Adequate Response To Post-2015 Agenda Will Require Greater Cooperation Among U.S. Agencies
In an opinion piece in The Guardian’s “Global Development Professionals Network,” John Norris, executive director of the Sustainable Security and Peacebuilding Initiative at the Center for American Progress (CAP), and Annie Malknecht, a research associate at the center, write about U.S. efforts to balance “defense, diplomacy and development,” and the work of the CAP initiative, which aims “to develop solutions for these complex scenarios and better balance the three legs of America’s international engagement.” They continue, “The project aims to reform the U.S. approach by spending lean foreign assistance funds more effectively and efficiently, building institutional capacity in weak states and strengthening U.S. engagement with the international community and institutions. While these reforms will not erase the need for traditional hard power, they will help decrease the need for military action.”
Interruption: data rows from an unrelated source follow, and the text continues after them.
lemma prox_auglag_first_order:
  assumes bt: "bt > 0" and g: "g \<in> subdiff (prox_auglag bt rh x lE lI) u"
    and ru: "r u = ereal ru" and ry: "r y = ereal ry"
  shows "g \<bullet> (y - u) \<le> f y + ry - (f u + ru)
           + ((lE + bt *\<^sub>R (Ae *v u - bE)) \<bullet> (Ae *v (y - u))
              + pospart (lI + bt *\<^sub>R (Ai *v u - bI)) \<bullet> (Ai *v (y - u)) + rh * ((u - x) \<bullet> (y - u)))"
    (is "_ \<le> _ + ?L")
proof (rule le_of_le_add_scaled_small)
  define S where "S = auglag_smooth_part Ae bE Ai bI bt rh x lE lI"
  fix t :: real
  assume t: "0 < t" "t \<le> 1"
  define yt where "yt = (1 - t) *\<^sub>R u + t *\<^sub>R y"
  have yt_eq: "yt = u + t *\<^sub>R (y - u)"
    by (simp add: yt_def algebra_simps)
  have "G u + ereal (S u) + ereal (g \<bullet> (yt - u)) \<le> G yt + ereal (S yt)"
    using g unfolding subdiff_def auglag_prox_eq S_def by auto
  also have "\<dots> \<le> ereal (f yt) + ereal ((1 - t) * ru + t * ry) + ereal (S yt)"
  proof -
    have "r yt \<le> ereal (1 - t) * r u + ereal t * r y"
      using r_convex t unfolding convex_fn_def yt_def by auto
    then show ?thesis
      unfolding G_def by (intro add_right_mono add_left_mono) (simp add: ru ry)
  qed
  finally have "f u + ru + S u + t * (g \<bullet> (y - u)) \<le> f yt + ((1 - t) * ru + t * ry) + S yt"
    by (simp add: G_def ru yt_eq)
  moreover have "f yt \<le> (1 - t) * f u + t * f y"
    unfolding yt_def using t by (intro convex_onD[OF f_convex]) auto
  moreover have "S yt \<le> S u + t * ?L
      + t\<^sup>2 * (bt / 2 * (norm (Ae *v (y - u)))\<^sup>2 + bt / 2 * (norm (Ai *v (y - u)))\<^sup>2
              + rh / 2 * (norm (y - u))\<^sup>2)"
    unfolding S_def yt_eq by (rule auglag_smooth_part_segment_le[OF bt])
  ultimately have "t * (g \<bullet> (y - u)) \<le> t * (f y + ry - (f u + ru) + ?L + t *
      (bt / 2 * (norm (Ae *v (y - u)))\<^sup>2 + bt / 2 * (norm (Ai *v (y - u)))\<^sup>2 + rh / 2 * (norm (y - u))\<^sup>2))"
    by (simp add: algebra_simps power2_eq_square)
  then show "g \<bullet> (y - u) \<le> f y + ry - (f u + ru) + ?L + t *
      (bt / 2 * (norm (Ae *v (y - u)))\<^sup>2 + bt / 2 * (norm (Ai *v (y - u)))\<^sup>2 + rh / 2 * (norm (y - u))\<^sup>2)"
    using t(1) by (rule mult_left_le_imp_le)
qed

lemma prox_auglag_subgrad_ineq:
  fixes bt rh :: real and x u g :: "real ^ 'n" and lE :: "real ^ 'm" and lI :: "real ^ 'p"
  assumes bt: "bt > 0" and g: "g \<in> subdiff (prox_auglag bt rh x lE lI) u"
  defines "lE' \<equiv> lE + bt *\<^sub>R (Ae *v u - bE)" and "lI' \<equiv> pospart (lI + bt *\<^sub>R (Ai *v u - bI))"
  shows "(lE' - lEs) \<bullet> (lE' - lE) + (lI' - lIs) \<bullet> (lI' - lI) + bt * rh * ((u - x) \<bullet> (u - xs))
           \<le> bt * (g \<bullet> (u - xs))"
proof -
  obtain ru where ru: "r u = ereal ru"
    using g by (rule r_finite_of_subdiff_prox_auglag)
  have kkt: "\<bar>G xs\<bar> \<noteq> \<infinity>"
      "G xs + ereal (- (transpose Ae *v lEs + transpose Ai *v lIs) \<bullet> (u - xs)) \<le> G u"
    using kkt_sub unfolding subdiff_def by auto
  obtain rxs where rxs: "r xs = ereal rxs"
    using kkt(1) r_not_minf[of xs] unfolding G_def by (cases "r xs") auto
  have "- (transpose Ae *v lEs + transpose Ai *v lIs) \<bullet> (u - xs)
          = (transpose Ae *v lEs + transpose Ai *v lIs) \<bullet> (xs - u)"
  proof -
    have "xs - u = - (u - xs)"
      by simp
    then show ?thesis
      by (simp only: inner_minus_left inner_minus_right)
  qed
  also have "\<dots> = lEs \<bullet> (Ae *v (xs - u)) + lIs \<bullet> (Ai *v (xs - u))"
    by (simp only: inner_add_left transpose_matrix_vector dot_lmul_matrix)
  finally have "f xs + rxs - (f u + ru) \<le> - (lEs \<bullet> (Ae *v (xs - u)) + lIs \<bullet> (Ai *v (xs - u)))"
    using kkt(2) unfolding G_def ru rxs by simp
  then have "g \<bullet> (xs - u) \<le> (lE' - lEs) \<bullet> (Ae *v (xs - u)) + (lI' - lIs) \<bullet> (Ai *v (xs - u))
                           + rh * ((u - x) \<bullet> (xs - u))"
    using prox_auglag_first_order[OF bt g ru rxs] unfolding lE'_def lI'_def inner_diff_left
    by linarith
  from mult_left_mono[OF this, of bt] bt
  have descent: "bt * (g \<bullet> (xs - u)) \<le> bt * ((lE' - lEs) \<bullet> (Ae *v (xs - u)))
      + bt * ((lI' - lIs) \<bullet> (Ai *v xs - Ai *v u)) + bt * (rh * ((u - x) \<bullet> (xs - u)))"
    by (simp add: distrib_left matrix_vector_mult_diff_distrib)
  have "lE' - lE = (- bt) *\<^sub>R (Ae *v (xs - u))"
    by (simp add: lE'_def kkt_eq matrix_vector_mult_diff_distrib algebra_simps)
  then have multE: "(lE' - lEs) \<bullet> (lE' - lE) = - (bt * ((lE' - lEs) \<bullet> (Ae *v (xs - u))))"
    by simp
  have multI: "bt * ((lI' - lIs) \<bullet> (Ai *v xs - Ai *v u)) + (lI' - lIs) \<bullet> (lI' - lI) \<le> 0"
    unfolding lI'_def using bt kkt_ineq kkt_mult kkt_compl by (rule pospart_update_complementarity_le)
  have "bt * rh * ((u - x) \<bullet> (u - xs)) = - (bt * (rh * ((u - x) \<bullet> (xs - u))))"
    "bt * (g \<bullet> (u - xs)) = - (bt * (g \<bullet> (xs - u)))"
    by (simp_all add: inner_diff_right algebra_simps)
  with descent multE multI show ?thesis
    by linarith
qed

lemma pd_dist_prox_step_le:
  assumes bt: "bt > 0" and rh: "rh > 0" and g: "g \<in> subdiff (prox_auglag bt rh x lE lI) u"
  shows "pd_dist (bt * rh) u (lE + bt *\<^sub>R (Ae *v u - bE)) (pospart (lI + bt *\<^sub>R (Ai *v u - bI)))
           \<le> pd_dist (bt * rh) x lE lI + 2 * bt / sqrt (bt * rh) * norm g"
  unfolding pd_dist_def using bt rh
  by (intro weighted_dist_step_le prox_auglag_subgrad_ineq[OF bt g]) auto

lemma pd_dist_inexact_prox_step_le:
  assumes bt: "bt > 0" and rh: "rh > 0"
    and e: "dist0 (subdiff (prox_auglag bt rh x lE lI) u) \<le> ereal e"
  shows "pd_dist (bt * rh) u (lE + bt *\<^sub>R (Ae *v u - bE)) (pospart (lI + bt *\<^sub>R (Ai *v u - bI)))
           \<le> pd_dist (bt * rh) x lE lI + 2 * bt / sqrt (bt * rh) * e"
proof (rule dist0_le_bound[OF e])
  show "2 * bt / sqrt (bt * rh) \<ge> 0"
    using bt rh by simp
qed (rule pd_dist_prox_step_le[OF bt rh])

lemma pd_dist_exact_prox_step_le:
  assumes bt: "bt > 0" and rh: "rh > 0" and w: "w \<in> effdom G"
    and z: "\<forall>y. prox_auglag bt rh x lE lI z \<le> prox_auglag bt rh x lE lI y"
  shows "pd_dist (bt * rh) z (lE + bt *\<^sub>R (Ae *v z - bE)) (pospart (lI + bt *\<^sub>R (Ai *v z - bI)))
           \<le> pd_dist (bt * rh) x lE lI"
proof -
  have "prox_auglag bt rh x lE lI z < \<infinity>"
    using z[rule_format, of w] w unfolding effdom_def auglag_prox_eq by (auto intro: le_less_trans)
  moreover have "prox_auglag bt rh x lE lI z \<noteq> -\<infinity>"
    using r_not_minf[of z] unfolding auglag_prox_eq G_def by (cases "r z") auto
  ultimately have "0 \<in> subdiff (prox_auglag bt rh x lE lI) z"
    using z unfolding subdiff_def by auto
  from pd_dist_prox_step_le[OF bt rh this] show ?thesis by simp
qed

lemma pd_dist_iterates_le:
  fixes x :: "nat \<Rightarrow> real ^ 'n" and lE :: "nat \<Rightarrow> real ^ 'm" and lI :: "nat \<Rightarrow> real ^ 'p"
  assumes pos: "\<And>k. \<beta> k > 0" "\<And>k. \<rho> k > 0" and prod: "\<And>k. \<beta> k * \<rho> k = c"
    and x_step: "\<And>k. dist0 (subdiff (prox_auglag (\<beta> k) (\<rho> k) (x k) (lE k) (lI k)) (x (Suc k)))
                         \<le> ereal (epsk k)"
    and lE_step: "\<And>k. lE (Suc k) = lE k + \<beta> k *\<^sub>R (Ae *v x (Suc k) - bE)"
    and lI_step: "\<And>k. lI (Suc k) = pospart (lI k + \<beta> k *\<^sub>R (Ai *v x (Suc k) - bI))"
    and growth: "\<And>k. 2 * \<beta> k / sqrt c * epsk k \<le> \<delta> k"
  shows "pd_dist c (x k) (lE k) (lI k) \<le> pd_dist c (x 0) (lE 0) (lI 0) + (\<Sum>j<k. \<delta> j)"
proof (induction k)
  case (Suc k)
  have "pd_dist c (x (Suc k)) (lE (Suc k)) (lI (Suc k))
          \<le> pd_dist c (x k) (lE k) (lI k) + 2 * \<beta> k / sqrt c * epsk k"
    using pd_dist_inexact_prox_step_le[OF pos(1,2) x_step] by (simp add: prod lE_step lI_step)
  with Suc.IH growth[of k] show ?case by simp
qed simp

lemma norm_le_of_pd_dist_le:
  assumes "c > 0" "pd_dist c x lE lI \<le> B"
  shows "norm (x - xs) \<le> B / sqrt c"
proof -
  have "sqrt c * norm (x - xs) = sqrt (c * (norm (x - xs))\<^sup>2)"
    using assms(1) by (simp add: real_sqrt_mult)
  also have "\<dots> \<le> pd_dist c x lE lI"
    unfolding pd_dist_def by (intro real_sqrt_le_mono) simp
  finally show ?thesis
    using assms by (simp add: pos_le_divide_eq mult.commute)
qed

lemma multiplier_dist_le_pd_dist:
  "c \<ge> 0 \<Longrightarrow> sqrt ((norm (lE - lEs))\<^sup>2 + (norm (lI - lIs))\<^sup>2) \<le> pd_dist c x lE lI"
  unfolding pd_dist_def by (intro real_sqrt_le_mono) simp

end

lemma weighted_increment_le:
  fixes \<beta>0 \<rho>0 s e eb :: real
  assumes "\<beta>0 > 0" "\<rho>0 > 0" "s \<ge> 0" "e \<le> eb"
  shows "2 * (\<beta>0 * s) / sqrt (\<beta>0 * \<rho>0) * e \<le> 2 * eb * sqrt \<beta>0 / sqrt \<rho>0 * s"
proof -
  define a b where "a = sqrt \<beta>0" and "b = sqrt \<rho>0"
  have ab: "a > 0" "b > 0" "\<beta>0 = a\<^sup>2" "sqrt (\<beta>0 * \<rho>0) = a * b"
    using assms by (auto simp: a_def b_def real_sqrt_mult)
  have "2 * (a\<^sup>2 * s) / (a * b) * e = 2 * a / b * s * e"
    using ab by (simp add: field_simps power2_eq_square)
  also have "\<dots> \<le> 2 * a / b * s * eb"
    using ab assms by (intro mult_left_mono) auto
  finally show ?thesis
    unfolding ab(4) a_def[symmetric] b_def[symmetric] unfolding ab(3) by (simp add: mult_ac)
qed

lemma weighted_radius_ratio:
  fixes \<beta>0 \<rho>0 q eb D0 :: real
  assumes "\<beta>0 > 0" "\<rho>0 > 0" "q \<noteq> 0"
  shows "2 * eb * p / (\<rho>0 * q) + D0 / sqrt (\<beta>0 * \<rho>0)
           = (2 * eb * sqrt \<beta>0 * p / (sqrt \<rho>0 * q) + D0) / sqrt (\<beta>0 * \<rho>0)"
proof -
  define a b where "a = sqrt \<beta>0" and "b = sqrt \<rho>0"
  have ab: "a > 0" "b > 0" "\<rho>0 = b\<^sup>2" "sqrt (\<beta>0 * \<rho>0) = a * b"
    using assms by (auto simp: a_def b_def real_sqrt_mult)
  have "2 * eb * p / (b\<^sup>2 * q) + D0 / (a * b) = (2 * eb * a * p / (b * q) + D0) / (a * b)"
    using ab assms(3) by (simp add: field_simps power2_eq_square)
  then show ?thesis
    unfolding ab(4) a_def[symmetric] b_def[symmetric] unfolding ab(3) .
qed

lemma partial_geometric_sum_le:
  fixes \<sigma> \<gamma> :: real
  assumes "\<sigma> > 1" "\<gamma> \<ge> 0" "k \<le> K"
  shows "(\<Sum>j<k. \<gamma> * \<sigma> ^ j) \<le> \<gamma> * (\<sigma> ^ K - 1) / (\<sigma> - 1)"
proof -
  have "(\<Sum>j<k. \<gamma> * \<sigma> ^ j) \<le> (\<Sum>j<K. \<gamma> * \<sigma> ^ j)"
    using assms by (intro sum_mono2) auto
  also have "\<dots> = \<gamma> * (\<sigma> ^ K - 1) / (\<sigma> - 1)"
    using assms(1) by (simp add: geometric_sum flip: sum_distrib_left)
  finally show ?thesis .
qed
Norris and Malknecht discuss the quadrennial diplomacy and development report (.pdf) and several reforms proposed by the Obama administration. “While these reforms are commendable, there is more to be done,” they write, noting international discussion of the post-2015 development agenda. “Whatever the details of the post-2015 development agenda, the U.S. and other developed countries must establish another 15-year commitment to cooperate on complex and far-reaching issues — the stakes are too high for inaction,” they write, adding, “Without government commitment reaching beyond aid agencies, poverty reduction efforts will flounder and the world will face increasingly complex problems in decades to come.” They continue, “For the U.S., this will require greater co-operation between the departments of state and defense and USAID” (10/18).